That was enough for her. She felt for it, found it, and without thought of him or word to him, she climbed nimbly in. That done she stooped and drew the chair up, and closed the window down upon him and secured it. Next, feeling for the door of Mr. Rogers’s room she got rid of the chair, and seized her hidden candle and crept out and up the stairs. Apparently all the house, save the man who had detected her, slept. But she did not dare to pause or prove the fact. She had had her lesson and a severe one; and she did not breathe freely until the door of her chamber was locked behind her, and she knew herself once more within the bounds of the usual and the proper.
Then for a brief while, as she tore off her damp clothes, her thoughts ran stormily on Mr.

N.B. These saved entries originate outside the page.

text \<open>The Gaussian coin satisfies the hypotheses of coin_bounds with rho and mu the
  squared first and second Fourier moments; the argument does not use sigma > 0.\<close>
theorem lemma3:
  fixes r0 \<sigma> :: real
  assumes "\<sigma> > 0"
  shows "strictly_contractive_perp
           (\<lambda>A :: real^1 \<Rightarrow> complex^pm^pm.
              walkW (nu_gauss r0 \<sigma>) vpm (walkW (nu_gauss r0 \<sigma>) vpm A))"
proof -
  interpret g: gauss_coin r0 \<sigma> .
  interpret coin_bounds "nu_gauss r0 \<sigma>" "(g.cos_moment 1)^2 + (g.sin_moment 1)^2"
      "(g.cos_moment 2)^2 + (g.sin_moment 2)^2"
    by unfold_locales
       (simp_all add: g.mean_coin_gauss g.moment_strict g.channel_contractive_gauss g.channel_diag_gauss)
  show ?thesis
    unfolding strictly_contractive_perp_def by (rule walk_two_step_contractive)
qed

end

Sutton: nor did she dream, or he, from what things he had saved her. The man was a wretch, a spy, a sneak trying to worm himself into her confidence. She would box his ears if he threatened her or referred to the matter again. And if he told others—she did not know what she would not do! For the rest, she had let herself be scared by a nothing, by a step, by a sound; and she despised herself for her cowardice. But—she had that consolation—she had played her part, she had gone to the rendezvous, she had not failed. The fault lay with him who should have met her there, and who had not met her.

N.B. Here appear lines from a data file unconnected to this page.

definition inst_delta ::
  "'q set \<Rightarrow> ('q \<times> 'd bop \<times> 'q) set \<Rightarrow> 'q set \<Rightarrow> ('q istate \<times> 'd option bop \<times> 'q istate) set" where
  "inst_delta Q \<delta> F =
     {(Plain q, map_bop Some op, Hat q') | q op q'. (q, op, q') \<in> \<delta>} \<union>
     {(Hat q, map_bop Some op, Hat q') | q op q'. (q, op, q') \<in> \<delta>} \<union>
     {(Tilde q, map_bop Some op, Tilde q') | q op q'. (q, op, q') \<in> \<delta>} \<union>
     {(Hat q, Snd None, Tilde q) | q. q \<in> F} \<union>
     {(Tilde q, Snd None, Plain q) | q. q \<in> Q}"

end

(*
  Forgetting which copy of Q an instrumented state lies in projects runs of N_F onto runs of N:
  a step with a message of D projects to a step of the same type and an n-step to no step at all.

  Forward direction: the tilde copy simulates c0 ->* c verbatim, and n-steps then move every
  client from the tilde copy to Q. A good cycle c => c is simulated greedily: a client enters the
  hat copy when it first takes part in a step and is sent on to the tilde copy as soon as it is in
  an F-state. Every participant visits F, and one that does so only before its first step is idle
  until then and hence, the run being a cycle, back in that F-state at the end; so no client is
  left hatted, and a last round of n-steps brings everyone back to Q.

  Backward direction: a client can only return from the hat copy to Q through a step
  Hat q -n-> Tilde q with q in F, and from Q every step leads into the hat copy. So in a cycle
  from Q^k back to Q^k, whose first step cannot be an n-step, every client that takes part in a
  step passes through F.
*)
theory Submission imports Defs begin

section \<open>Projection of instrumented transitions\<close>

fun proj :: "'q istate \<Rightarrow> 'q" where
  "proj (Plain q) = q" | "proj (Hat q) = q" | "proj (Tilde q) = q"

fun lift :: "'q istate \<Rightarrow> 'q \<Rightarrow> 'q istate" where
  "lift (Plain _) q = Hat q" | "lift (Hat _) q = Hat q" | "lift (Tilde _) q = Tilde q"

lemma proj_lift [simp]: "proj (lift y q) = q"
  by (cases y) auto

lemma proj_comp_Plain [simp]: "proj \<circ> Plain = id" and proj_comp_Tilde [simp]: "proj \<circ> Tilde = id"
  by auto

lemma inst_delta_Some_iff:
  fixes op :: "'d bop"
  shows "(y, map_bop Some op, y') \<in> inst_delta Q \<delta> F \<longleftrightarrow>
    (proj y, op, proj y') \<in> \<delta> \<and> y' = lift y (proj y')"
proof -
  have [simp]: "map_bop Some o1 = map_bop Some o2 \<longleftrightarrow> o1 = o2" for o1 o2 :: "'d bop"
    by (cases o1; cases o2) auto
  have [simp]: "map_bop Some op \<noteq> Snd None"
    by (cases op) auto
  show ?thesis
    by (cases y) (auto simp: inst_delta_def)
qed

lemma inst_delta_Snd_iff:
  "(y, Snd (Some a), y') \<in> inst_delta Q \<delta> F \<longleftrightarrow> (proj y, Snd a, proj y') \<in> \<delta> \<and> y' = lift y (proj y')"
  using inst_delta_Some_iff[of y "Snd a"] by simp

lemma inst_delta_Rcv_iff:
  "(y, Rcv (Some a), y') \<in> inst_delta Q \<delta> F \<longleftrightarrow> (proj y, Rcv a, proj y') \<in> \<delta> \<and> y' = lift y (proj y')"
  using inst_delta_Some_iff[of y "Rcv a"] by simp

lemma inst_delta_Snd_None_iff:
  "(y, Snd None, y') \<in> inst_delta Q \<delta> F \<longleftrightarrow>
    (\<exists>q\<in>F. y = Hat q \<and> y' = Tilde q) \<or> (\<exists>q\<in>Q. y = Tilde q \<and> y' = Plain q)"
proof -
  have "Snd None \<noteq> map_bop Some op" for op :: "'d bop"
    by (cases op) auto
  then show ?thesis
    by (auto simp: inst_delta_def)
qed

lemma inst_delta_Rcv_None: "(y, Rcv None, y') \<notin> inst_delta Q \<delta> F"
proof -
  have "Rcv None \<noteq> map_bop Some op" for op :: "'d bop"
    by (cases op) auto
  then show ?thesis
    by (auto simp: inst_delta_def)
qed

lemma step_typeE:
  assumes "step_type \<delta> c a T c'"
  obtains i R where "length c' = length c" "i < length c" "R \<subseteq> {..<length c} - {i}" "T = R \<union> {i}"
    "(c ! i, Snd a, c' ! i) \<in> \<delta>" "\<forall>j\<in>R. (c ! j, Rcv a, c' ! j) \<in> \<delta>"
    "\<forall>j<length c. j \<notin> T \<longrightarrow> c ! j = c' ! j"
  using assms unfolding step_type_def by force

lemma step_type_length: "step_type \<delta> c a T c' \<Longrightarrow> length c' = length c"
  by (erule step_typeE)

lemma step_type_subset: "step_type \<delta> c a T c' \<Longrightarrow> T \<subseteq> {..<length c}"
  by (erule step_typeE) auto

lemma step_type_frame: "step_type \<delta> c a T c' \<Longrightarrow> j < length c \<Longrightarrow> j \<notin> T \<Longrightarrow> c ! j = c' ! j"
  by (erule step_typeE) auto

lemma step_single_send:
  assumes "i < length c" "(c ! i, Snd a, q) \<in> \<delta>"
  shows "step \<delta> c (c[i := q])"
  unfolding step_def step_type_def using assms
  by (intro exI[of _ a] exI[of _ "{i}"] conjI exI[of _ i] exI[of _ "{}"]) auto

definition lift_config :: "nat set \<Rightarrow> 'q istate list \<Rightarrow> 'q list \<Rightarrow> 'q istate list" where
  "lift_config T x c' = map (\<lambda>i. if i \<in> T then lift (x ! i) (c' ! i) else x ! i) [0..<length x]"

lemma length_lift_config [simp]: "length (lift_config T x c') = length x"
  by (simp add: lift_config_def)

lemma nth_lift_config:
  "i < length x \<Longrightarrow> lift_config T x c' ! i = (if i \<in> T then lift (x ! i) (c' ! i) else x ! i)"
  by (simp add: lift_config_def)

lemma lift_config_Tilde:
  assumes "step_type \<delta> c a T c'"
  shows "lift_config T (map Tilde c) c' = map Tilde c'"
  using step_type_length[OF assms] step_type_frame[OF assms]
  by (intro nth_equalityI) (auto simp: nth_lift_config)

lemma step_type_lift_config:
  assumes "step_type \<delta> (map proj x) a T c'"
  shows "step_type (inst_delta Q \<delta> F) x (Some a) T (lift_config T x c')"
    and "map proj (lift_config T x c') = c'"
proof -
  obtain i R where len: "length c' = length x" and i: "i < length x" and R: "R \<subseteq> {..<length x} - {i}"
    and T: "T = R \<union> {i}" and send: "(map proj x ! i, Snd a, c' ! i) \<in> \<delta>"
    and rcv: "\<forall>j\<in>R. (map proj x ! j, Rcv a, c' ! j) \<in> \<delta>"
    and frame: "\<forall>j<length x. j \<notin> T \<longrightarrow> map proj x ! j = c' ! j"
    using assms by (rule step_typeE) simp
  show "map proj (lift_config T x c') = c'"
    using len frame by (intro nth_equalityI) (auto simp: nth_lift_config)
  show "step_type (inst_delta Q \<delta> F) x (Some a) T (lift_config T x c')"
    unfolding step_type_def using i R T send rcv
    by (intro conjI exI[of _ i] exI[of _ R])
      (auto simp: nth_lift_config inst_delta_Snd_iff inst_delta_Rcv_iff subset_iff)
qed

lemma step_type_proj:
  assumes "step_type (inst_delta Q \<delta> F) x (Some a) T x'"
  shows "step_type \<delta> (map proj x) a T (map proj x')"
    and "x' = lift_config T x (map proj x')"
proof -
  obtain i R where len: "length x' = length x" and i: "i < length x" and R: "R \<subseteq> {..<length x} - {i}"
    and T: "T = R \<union> {i}" and send: "(x ! i, Snd (Some a), x' ! i) \<in> inst_delta Q \<delta> F"
    and rcv: "\<forall>j\<in>R. (x ! j, Rcv (Some a), x' ! j) \<in> inst_delta Q \<delta> F"
    and frame: "\<forall>j<length x. j \<notin> T \<longrightarrow> x ! j = x' ! j"
    using assms by (rule step_typeE)
  show "step_type \<delta> (map proj x) a T (map proj x')"
    unfolding step_type_def using len i R T send rcv frame
    by (intro conjI exI[of _ i] exI[of _ R]) (auto simp: inst_delta_Snd_iff inst_delta_Rcv_iff)
  show "x' = lift_config T x (map proj x')"
    using len T send rcv frame
    by (intro nth_equalityI) (auto simp: nth_lift_config inst_delta_Snd_iff inst_delta_Rcv_iff)
qed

And so, shivering and chilled—for bedroom fires were not yet, and she was worn out with fright and exposure—she hid herself under the heavy patchwork quilt and sought comfort in the sleep of exhaustion. It was not long in coming, for she suspected no more than she knew. Like the purblind insect that creeps upon the crowded pavement and is missed by a hundred feet, she discerned neither the dangers which she had so narrowly escaped, nor those into which her late action was fated to hurry her.
CHAPTER XVII
THE EDGE OF THE STORM
It was daylight when she awoke; but it had not been daylight long. Yet some one was knocking; and knocking loudly at the door of her bedroom. She rose on her elbow, and looking at the half-curtained window decided that it was eight o’clock, perhaps a little later. But not so much later that they need raise the house in waking her.
“Thank you,” she cried petulantly. “That will do! That will do! I am awake.” And she laid her head on the pillow again, and closing her eyes, sighed deeply. The events of the night were coming back to her—and with them her troubles.
But, “Please to open the door, miss!” came the answer in gruff accents. “I want to speak to you, by your leave.”
Henrietta sat up, her hair straggling from under the nightcap that framed her pretty features. The voice that demanded entrance was Mrs. Gilson’s: and even over Henrietta that voice had power. She parleyed no longer. She threw a wrap about her, and hastily opened the door.
“What is it?” she asked. “Mrs. Gilson, is it you?”
“Be good enough,” the landlady answered, “to let me come in a minute, miss.”